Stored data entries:
lemma upper_lower_factor:
  assumes "w ! 0 = R"
    and "i < length w" "height (take i w) = 0" "w ! i = L"
    and "j < length w" "height (take j w) = -1" "w ! j = R"
  shows "\<exists>c U D e. w = c @ U @ D @ e \<and> upper_prime U \<and> lower_prime D"
proof -
  let ?H = "\<lambda>k. height (take k w)"
  define P where "P k \<longleftrightarrow> k < length w \<and> ?H (Suc k) < 0" for k
  define p where "p = (LEAST k. P k)"
  have "P i" using assms(2-4) height_take_Suc[of i w] by (simp add: P_def)
  then have p: "P p" "p \<le> i" using LeastI[of P i] Least_le[of P i] by (auto simp: p_def)
  have nonneg: "0 \<le> ?H k" if "k \<le> p" for k
  proof (cases k)
    case (Suc k')
    then show ?thesis using not_less_Least[of k' P] that p by (auto simp: P_def p_def)
  qed simp
  have step_p: "?H (Suc p) = ?H p + lval (w ! p)" using p by (simp add: P_def height_take_Suc)
  then have "w ! p \<noteq> R" using p(1) nonneg[of p] by (auto simp: P_def)
  then have at_p: "?H p = 0" "w ! p = L"
    using step_p p(1) nonneg[of p] by (cases "w ! p"; auto simp: P_def)+
  then have "0 < p" using assms(1) by (cases p) auto
  then obtain p' where p': "p' < p" "upper_prime (take (p - p') (drop p' w))"
    using upper_prime_ending_at[of 0 p w] nonneg at_p p by (auto simp: P_def)
  have "p < j" using nonneg[of j] assms(6) by fastforce
  moreover have "?H (Suc j) = 0" using assms(5-7) by (simp add: height_take_Suc)
  ultimately obtain q where q: "q \<le> Suc j" "p < q" "lower_prime (take (q - p) (drop p w))"
    using lower_prime_starting_at[of p "Suc j" w] assms(5) at_p by auto
  have "w = take p' w @ take (p - p') (drop p' w) @ take (q - p) (drop p w) @ drop q w"
    using p' q by (simp flip: take_add append_assoc)
  then show ?thesis using p' q by blast
qed

lemma steps_L_R_not_reduced:
  assumes "steps h (L # xs) = steps h (R # ys)"
  shows "\<not> reduced (a @ R # ys)"
proof -
  have "(h, L) \<in># steps h (R # ys)" unfolding assms[symmetric] by simp
  then obtain i where i: "i < length (R # ys)" "height (take i (R # ys)) = 0" "(R # ys) ! i = L"
    unfolding mem_steps_iff by auto
  have "(h, R) \<in># steps h (L # xs)" unfolding assms by simp
  then have "(h, R) \<in># steps (h - 1) xs" by simp
  then obtain k where k: "k < length xs" "height (take k xs) = 1"
    unfolding mem_steps_iff by auto
  then obtain j where "j < k" "height (take j xs) = 0" "xs ! j = R"
    using up_crossing[of k xs 0] by auto
  then have "(h - 1, R) \<in># steps (h - 1) xs"
    using k(1) unfolding mem_steps_iff by (auto intro!: exI[of _ j])
  then have "(h - 1, R) \<in># steps h (L # xs)" by simp
  then obtain j'
    where j': "j' < length (R # ys)" "height (take j' (R # ys)) = -1" "(R # ys) ! j' = R"
    unfolding assms mem_steps_iff by auto
  obtain c U D e where "R # ys = c @ U @ D @ e" "upper_prime U" "lower_prime D"
    using upper_lower_factor[OF _ i j'] by auto
  then show ?thesis unfolding reduced_def by (metis append.assoc)
qed

section \<open>The alphabetically least word of a class\<close>

lemma alph_less_irrefl: "\<not> alph_less x x"
  unfolding alph_less_def by (rule lexord_irreflexive) auto

lemma alph_less_trans: "alph_less x y \<Longrightarrow> alph_less y z \<Longrightarrow> alph_less x z"
  unfolding alph_less_def by (rule lexord_trans) (auto simp: trans_def)

lemma alph_less_linear: "alph_less x y \<or> x = y \<or> alph_less y x"
  unfolding alph_less_def
  by (rule lexord_linear) (metis insertI1 letter.exhaust)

What is required =>
Write down exactly the span of lines above from the one containing "then obtain i" to the one containing "then obtain j'", both ends included.

Exercise response =>
  then obtain i where i: "i < length (R # ys)" "height (take i (R # ys)) = 0" "(R # ys) ! i = L"
    unfolding mem_steps_iff by auto
  have "(h, R) \<in># steps h (L # xs)" unfolding assms by simp
  then have "(h, R) \<in># steps (h - 1) xs" by simp
  then obtain k where k: "k < length xs" "height (take k xs) = 1"
    unfolding mem_steps_iff by auto
  then obtain j where "j < k" "height (take j xs) = 0" "xs ! j = R"
    using up_crossing[of k xs 0] by auto
  then have "(h - 1, R) \<in># steps (h - 1) xs"
    using k(1) unfolding mem_steps_iff by (auto intro!: exI[of _ j])
  then have "(h - 1, R) \<in># steps h (L # xs)" by simp
  then obtain j'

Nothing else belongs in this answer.